Deliveries of waste wood to chipboard manufacturer Egger UKs site in Hexham have resumed despite a fire at the on-site biomass energy plant on Sunday evening (May 26).

Fire services were called to the scene at 10.26pm on Sunday, after which 60 firefighters and eight fire engines tackled the blaze using two aerial ladder platforms and a foam tender throughout the night, according to Northumberland Fire and Rescue Service.

Egger UK's Hexham site in Northumberland, where the biomass plant is located
Egger UK’s Hexham site in Northumberland, where the biomass plant is located

The fire was contained to the biomass plant, which provides heat energy for Eggers chipboard manufacturing processes at the Hexham site. As a result, all production at the site, at which there are 500 employees, was shut down following the fire.

The biomass facility runs on waste wood from the chipboard production, as well as a proportion of recycled wood fibre that has been through a recycling plant and cleaned. It has a heat capacity of 50MW, of which 36MW is used as hot gas to dry wood chips and 12MW is used as thermal oil heating for the chipboard production and lamination presses.

Timberpak, the subsidiary of Egger UK that sources and recycles wood waste for chipboard manufacturing at Hexham, said although deliveries of waste wood to the site had to be stopped on Monday (May 27), the site was receiving material again on Tuesday.

A spokesman for Timberpak said waste wood consumption at Hexham would not be affected by the biomass plant fire.

‘We will be working with fire investigators to determine the exact cause of the incident, which is our first since the new plant opened in 2007’

Bob Livesey, joint managing director, Egger UK

An investigation has been launched into the exact cause of the blaze, which is thought to have started after thermal oil ignited and ruptured a pipe.
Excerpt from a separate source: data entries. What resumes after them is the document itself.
(* Let $d\ge 1$, let $x\sim\mathcal N(0,\Sigma)$ on $\mathbb R^d$ with $\Sigma=\mathrm{diag}(\sigma_1^2,\ldots,\sigma_d^2)$ and $\sigma_1^2>\sigma_2^2>\cdots>\sigma_d^2>0$, let $\varepsilon\in(0,1)$, $R>0$ and $T_{\mathrm{wu}}\ge 0$. For $j=1,\dots,d$ and $T\ge0$ let $$g_j(T)=\Bigl(1+\tfrac{1-\varepsilon^2}{\varepsilon^2}\,e^{-4\sigma_j^2 T}\Bigr)^{-1}$$ (the activation $u_jv_j$ of mode $j$ at time $T$ of the plain-autoencoder flow below started from $u_j(0)=v_j(0)=\varepsilon$). Define $$m^{\mathrm{wu}}(T_{\mathrm{wu}},R):=\max\Bigl\{m\in\{1,\dots,d\}:\ R>\tfrac12\sum_{i=1}^{m-1}\log_2\frac{\sigma_i^2\,g_i(T_{\mathrm{wu}})}{\sigma_m^2\,g_m(T_{\mathrm{wu}})}\Bigr\}.$$ Consider the following two-phase training (warm-up then RD-AE) of the diagonal linear model $W_1=\mathrm{diag}(u_1,\dots,u_d)$, $W_2=\mathrm{diag}(v_1,\dots,v_d)$: on $[0,T_{\mathrm{wu}}]$ run the plain-autoencoder flow from $u_j(0)=v_j(0)=\varepsilon$, and for $t\ge T_{\mathrm{wu}}$ run the RD-AE flow at rate $R$ with commitment weight $\beta=1$ (both flows defined in the context). Then at convergence at most $m^{\mathrm{wu}}$ modes remain active, and the limiting reconstruction loss satisfies $$L_{\mathrm{rec}}^{\infty}\;\ge\; m^{\mathrm{wu}}\,\delta_{m^{\mathrm{wu}}}(R)+\sum_{j>m^{\mathrm{wu}}}\sigma_j^2,\qquad \delta_m(R):=\Bigl(\prod_{i=1}^m\sigma_i^2\Bigr)^{1/m}2^{-2R/m}.$$
   Context: Plain-autoencoder flow (per mode $j$): $\dot u_j=2\sigma_j^2 v_j(1-u_jv_j)$, $\dot v_j=2\sigma_j^2 u_j(1-u_jv_j)$. RD-AE channel at rate $R$ (bits): given the current parameters, the latent coordinates $z_j=u_jx_j$ have variances $\lambda_j=u_j^2\sigma_j^2$. The water level $D^\star=D^\star(\lambda_1,\dots,\lambda_d;R)$ is the unique solution of $\sum_{j}\tfrac12\log_2^+(\lambda_j/D^\star)=R$ (where $\log_2^+ y=\max(\log_2 y,0)$). Set $D_j=\min(\lambda_j,D^\star)$, $c_j=1-D_j/\lambda_j$, $\tau_j^2=c_jD^\star$. Mode $j$ is called active if $\lambda_j>D^\star$ and inactive otherwise (then $c_j=\tau_j^2=0$). This corresponds to the rate-distortion-optimal Gaussian channel $z_{q,j}\mid z_j\sim\mathcal N(c_jz_j,\tau_j^2)$ minimizing $\mathbb E\|z-z_q\|^2$ subject to $I(z;z_q)\le R$. RD-AE flow with commitment weight $\beta$ (channel parameters $c_j,D_j$ recomputed from the current $\lambda_j$ at every time): $\dot u_j=2\sigma_j^2 v_j(1-c_ju_jv_j)-\dfrac{2\beta D_j}{u_j}$, $\dot v_j=2\sigma_j^2c_ju_j(1-u_jv_j)$. Reconstruction loss: $L_{\mathrm{rec}}(u,v)=\sum_{j=1}^d\bigl[\sigma_j^2(1-c_ju_jv_j)^2+v_j^2\tau_j^2\bigr]$ (the expected value of $\|x-W_2z_q\|^2$ through this channel), and $L_{\mathrm{rec}}^\infty$ denotes its limit as $t\to\infty$ along the two-phase trajectory. *)

theory Defs
  imports "HOL-Analysis.Analysis"
begin
lemma next_zone:
  assumes "0 < a" "a < 1" "u a = 0" "u' a > 0" "u 1 = 0" "scaled_slope p u' a \<le> D"
    and "2 * p / (p - 1) < M"
  obtains b where "a < b" "b \<le> 1" "u b = 0" "\<And>r. a < r \<Longrightarrow> r < b \<Longrightarrow> u r > 0"
    "\<And>r. a \<le> r \<Longrightarrow> r \<le> b \<Longrightarrow> scaled_size p u r \<le> zone_bound M p D"
    "b < 1 \<Longrightarrow> u' b < 0 \<and> scaled_slope p u' b \<le> next_slope_bound M p D"
proof -
  obtain c b where "a < c" "c < b" "b \<le> 1" "u b = 0" and pos: "\<And>r. a < r \<Longrightarrow> r < b \<Longrightarrow> u r > 0"
    and "flux c = 0" and max: "\<And>r. a \<le> r \<Longrightarrow> r \<le> b \<Longrightarrow> u r \<le> u c"
    by (elim hump_after_zero[OF assms(1-5)])
  have flux_nonpos: "flux x \<le> 0" if x: "c < x" "x < b" for x
  proof -
    have "flux x < flux c"
    proof (rule flux_strict_antimono)
      show "0 < c" "c < x" "x < 1" using x \<open>a < c\<close> \<open>b \<le> 1\<close> assms(1) by auto
      show "u r > 0" if "c < r" "r < x" for r using pos that x \<open>a < c\<close> by auto
    qed
    then show ?thesis using \<open>flux c = 0\<close> by simp
  qed
  have flux_small: "\<exists>s. c \<le> s \<and> s < b \<and> 0 < s \<and> - flux s < \<eta>" if "\<eta> > 0" for \<eta>
    using that \<open>flux c = 0\<close> \<open>a < c\<close> \<open>c < b\<close> assms(1) by (intro exI[of _ c]) auto
  have peak: "c\<^sup>2 * u c powr (p - 1) \<le> peak_bound p D"
    using assms(6) \<open>a < c\<close> \<open>c < b\<close> \<open>b \<le> 1\<close> pos
    by (intro peak_scaled_size_bound[OF assms(1) \<open>a < c\<close> _ assms(3) _ \<open>flux c = 0\<close>]) auto
  note zone = descent_zone[of c b, OF _ \<open>c < b\<close> \<open>b \<le> 1\<close> _ \<open>u b = 0\<close> flux_nonpos flux_small peak assms(7)]
  have "scaled_size p u r \<le> zone_bound M p D" if r: "a \<le> r" "r \<le> b" for r
  proof (cases "r \<le> c")
    case True
    have "0 \<le> u r" using pos[of r] r True \<open>c < b\<close> assms(3) by (cases "r = a") auto
    then have "scaled_size p u r \<le> c\<^sup>2 * u c powr (p - 1)"
      using max[of r] r True assms(1) p_gt_1 by (intro scaled_size_le_of_le) auto
    then show ?thesis using peak peak_bound_le_zone_bound[of M p D] M_gt_2 by simp
  next
    case False
    then show ?thesis using zone(1)[of r] pos \<open>a < c\<close> assms(1) r by auto
  qed
  moreover have "b < 1 \<Longrightarrow> u' b < 0 \<and> scaled_slope p u' b \<le> next_slope_bound M p D"
    using zone(2) pos \<open>a < c\<close> assms(1) by auto
  ultimately show ?thesis
    using that[OF _ \<open>b \<le> 1\<close> \<open>u b = 0\<close> pos] \<open>a < c\<close> \<open>c < b\<close> by auto
qed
No one was injured and no raw wood materials were affected by the fire.

Egger UK said it expects to know more about the level of damage to the biomass plant and when it might be up and running again by the end of the week.

An Egger UK spokeswoman said that the impregnation line at the site, which processes paper for use in the firms melamine-faced chipboard production, started running again yesterday using stand-by gas boilers (May 28) and that its lamination processes had resumed today (May 29). Full chipboard manufacturing production is expected to commence tomorrow.

Fire

The fire was brought under control in the early hours of Monday morning, with firefighters then paying regular visits to the site throughout that day as it cooled down.

A spokesperson for the fire service said: Northumberland Fire and Rescue Service (NFRS) has begun an investigation into the cause of a fire at a timber processing plant in the west of the county. Residents were allowed to stay in their homes but a cordon was set up around the plant. A report will be prepared following a full investigation by NFRS and Egger.

Support to tackle the fire was also provided by Tyne and War Fire Service and Durham and Darlington Fire and Rescue Service.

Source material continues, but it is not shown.